Information provided: Begin
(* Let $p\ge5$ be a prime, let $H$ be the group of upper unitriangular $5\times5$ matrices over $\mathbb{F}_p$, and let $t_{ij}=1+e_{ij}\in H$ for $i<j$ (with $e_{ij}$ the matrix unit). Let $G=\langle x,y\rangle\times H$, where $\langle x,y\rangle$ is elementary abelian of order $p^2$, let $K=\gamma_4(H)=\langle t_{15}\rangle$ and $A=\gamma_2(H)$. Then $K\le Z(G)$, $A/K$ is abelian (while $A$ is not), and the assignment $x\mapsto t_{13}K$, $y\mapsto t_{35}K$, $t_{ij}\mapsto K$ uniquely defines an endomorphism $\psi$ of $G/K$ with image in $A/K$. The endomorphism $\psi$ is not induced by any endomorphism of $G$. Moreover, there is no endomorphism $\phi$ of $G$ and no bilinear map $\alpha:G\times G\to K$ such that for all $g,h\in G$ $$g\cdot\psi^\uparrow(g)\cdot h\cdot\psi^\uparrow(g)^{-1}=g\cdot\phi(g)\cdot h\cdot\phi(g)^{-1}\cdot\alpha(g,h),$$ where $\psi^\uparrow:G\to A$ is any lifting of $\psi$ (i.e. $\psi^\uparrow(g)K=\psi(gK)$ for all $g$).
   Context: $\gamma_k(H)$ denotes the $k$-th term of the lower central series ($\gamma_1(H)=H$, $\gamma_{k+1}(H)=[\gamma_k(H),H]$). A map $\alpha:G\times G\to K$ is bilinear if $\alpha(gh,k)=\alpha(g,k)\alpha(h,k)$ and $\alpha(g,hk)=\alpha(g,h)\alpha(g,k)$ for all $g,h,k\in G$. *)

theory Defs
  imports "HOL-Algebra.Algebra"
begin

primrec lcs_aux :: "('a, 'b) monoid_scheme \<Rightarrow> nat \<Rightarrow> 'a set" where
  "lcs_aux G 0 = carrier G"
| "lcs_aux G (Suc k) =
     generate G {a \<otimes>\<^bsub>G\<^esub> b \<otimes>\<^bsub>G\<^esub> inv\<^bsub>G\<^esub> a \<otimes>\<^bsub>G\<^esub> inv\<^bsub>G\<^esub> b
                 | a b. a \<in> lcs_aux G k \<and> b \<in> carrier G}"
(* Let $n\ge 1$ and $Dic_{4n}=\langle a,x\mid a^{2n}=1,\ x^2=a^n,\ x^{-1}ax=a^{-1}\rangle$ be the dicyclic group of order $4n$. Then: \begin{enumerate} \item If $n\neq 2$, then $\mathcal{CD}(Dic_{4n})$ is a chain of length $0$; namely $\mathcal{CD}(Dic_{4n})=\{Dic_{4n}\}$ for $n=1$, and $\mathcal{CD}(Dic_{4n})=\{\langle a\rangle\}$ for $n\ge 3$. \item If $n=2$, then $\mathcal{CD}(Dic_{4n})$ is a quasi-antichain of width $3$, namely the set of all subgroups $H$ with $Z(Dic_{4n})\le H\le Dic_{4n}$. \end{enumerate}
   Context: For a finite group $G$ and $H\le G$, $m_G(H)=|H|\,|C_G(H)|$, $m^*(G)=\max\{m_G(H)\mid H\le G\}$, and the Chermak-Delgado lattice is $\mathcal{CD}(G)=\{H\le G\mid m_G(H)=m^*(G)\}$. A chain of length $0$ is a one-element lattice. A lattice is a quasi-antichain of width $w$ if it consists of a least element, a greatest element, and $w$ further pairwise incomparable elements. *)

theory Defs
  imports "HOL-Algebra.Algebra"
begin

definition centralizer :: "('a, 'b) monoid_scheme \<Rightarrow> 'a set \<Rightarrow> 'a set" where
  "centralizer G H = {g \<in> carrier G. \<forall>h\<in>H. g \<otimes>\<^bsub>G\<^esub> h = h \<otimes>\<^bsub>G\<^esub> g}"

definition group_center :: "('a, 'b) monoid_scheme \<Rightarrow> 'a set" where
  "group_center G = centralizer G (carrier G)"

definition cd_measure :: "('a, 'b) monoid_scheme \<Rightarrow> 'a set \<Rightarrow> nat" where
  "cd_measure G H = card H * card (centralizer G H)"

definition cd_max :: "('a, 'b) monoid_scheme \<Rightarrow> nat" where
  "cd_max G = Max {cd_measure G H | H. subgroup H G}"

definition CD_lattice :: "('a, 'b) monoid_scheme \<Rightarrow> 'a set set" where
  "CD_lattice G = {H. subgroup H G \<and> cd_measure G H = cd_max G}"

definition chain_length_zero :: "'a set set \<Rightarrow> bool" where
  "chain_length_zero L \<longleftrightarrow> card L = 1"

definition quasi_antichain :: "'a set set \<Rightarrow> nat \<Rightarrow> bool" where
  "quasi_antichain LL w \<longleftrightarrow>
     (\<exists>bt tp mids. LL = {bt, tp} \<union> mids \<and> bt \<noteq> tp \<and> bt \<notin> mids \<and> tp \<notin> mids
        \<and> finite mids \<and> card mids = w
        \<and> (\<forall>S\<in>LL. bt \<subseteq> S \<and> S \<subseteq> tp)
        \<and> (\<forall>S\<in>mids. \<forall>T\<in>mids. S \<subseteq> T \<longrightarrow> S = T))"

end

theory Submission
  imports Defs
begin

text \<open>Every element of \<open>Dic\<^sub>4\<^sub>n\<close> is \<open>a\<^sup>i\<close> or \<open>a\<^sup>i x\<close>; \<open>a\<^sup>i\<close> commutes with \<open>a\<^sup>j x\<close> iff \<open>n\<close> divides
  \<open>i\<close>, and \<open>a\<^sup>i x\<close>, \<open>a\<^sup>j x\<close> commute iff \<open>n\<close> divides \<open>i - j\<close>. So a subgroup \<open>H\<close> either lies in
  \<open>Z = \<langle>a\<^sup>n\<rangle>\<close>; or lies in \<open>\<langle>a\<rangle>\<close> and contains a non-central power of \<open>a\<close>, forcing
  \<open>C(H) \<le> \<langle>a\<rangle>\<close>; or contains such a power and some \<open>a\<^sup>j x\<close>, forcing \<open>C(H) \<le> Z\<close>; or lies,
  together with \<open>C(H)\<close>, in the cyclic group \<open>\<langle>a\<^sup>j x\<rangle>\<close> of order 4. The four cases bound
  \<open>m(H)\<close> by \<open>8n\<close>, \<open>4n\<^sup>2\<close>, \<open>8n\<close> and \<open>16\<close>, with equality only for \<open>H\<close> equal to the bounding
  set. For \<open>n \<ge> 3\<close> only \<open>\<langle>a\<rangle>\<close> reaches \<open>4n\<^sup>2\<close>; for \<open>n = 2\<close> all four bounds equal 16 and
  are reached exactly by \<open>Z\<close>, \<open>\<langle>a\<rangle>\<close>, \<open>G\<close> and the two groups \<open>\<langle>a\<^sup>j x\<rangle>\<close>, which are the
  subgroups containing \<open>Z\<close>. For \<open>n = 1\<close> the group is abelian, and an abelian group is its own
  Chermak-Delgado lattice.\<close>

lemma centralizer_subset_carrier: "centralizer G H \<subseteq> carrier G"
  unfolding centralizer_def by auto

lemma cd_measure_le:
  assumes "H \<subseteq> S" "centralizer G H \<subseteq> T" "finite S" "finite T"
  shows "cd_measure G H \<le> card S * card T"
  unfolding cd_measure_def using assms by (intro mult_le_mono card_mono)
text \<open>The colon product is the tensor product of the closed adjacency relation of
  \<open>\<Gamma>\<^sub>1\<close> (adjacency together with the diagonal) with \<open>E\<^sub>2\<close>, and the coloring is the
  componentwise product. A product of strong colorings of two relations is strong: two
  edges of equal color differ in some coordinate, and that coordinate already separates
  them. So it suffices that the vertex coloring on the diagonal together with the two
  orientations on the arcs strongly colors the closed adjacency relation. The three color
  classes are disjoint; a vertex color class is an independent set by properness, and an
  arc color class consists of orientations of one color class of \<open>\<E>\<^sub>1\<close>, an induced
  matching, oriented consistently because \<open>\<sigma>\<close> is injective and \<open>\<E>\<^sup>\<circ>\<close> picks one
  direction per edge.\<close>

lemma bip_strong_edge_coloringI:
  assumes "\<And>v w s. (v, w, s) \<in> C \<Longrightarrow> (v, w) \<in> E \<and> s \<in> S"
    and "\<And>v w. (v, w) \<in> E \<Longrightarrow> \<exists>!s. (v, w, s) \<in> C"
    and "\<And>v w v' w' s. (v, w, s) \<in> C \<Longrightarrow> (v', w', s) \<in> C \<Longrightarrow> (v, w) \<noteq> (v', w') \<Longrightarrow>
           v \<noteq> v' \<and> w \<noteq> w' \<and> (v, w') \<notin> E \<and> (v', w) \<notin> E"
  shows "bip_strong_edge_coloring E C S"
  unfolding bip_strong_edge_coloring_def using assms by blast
Information provided: End
◆ Brief ◆
Return each line of the material above that holds the string "closed".

◆ Solved problem ◆
text \<open>The colon product is the tensor product of the closed adjacency relation of
  orientations on the arcs strongly colors the closed adjacency relation. The three color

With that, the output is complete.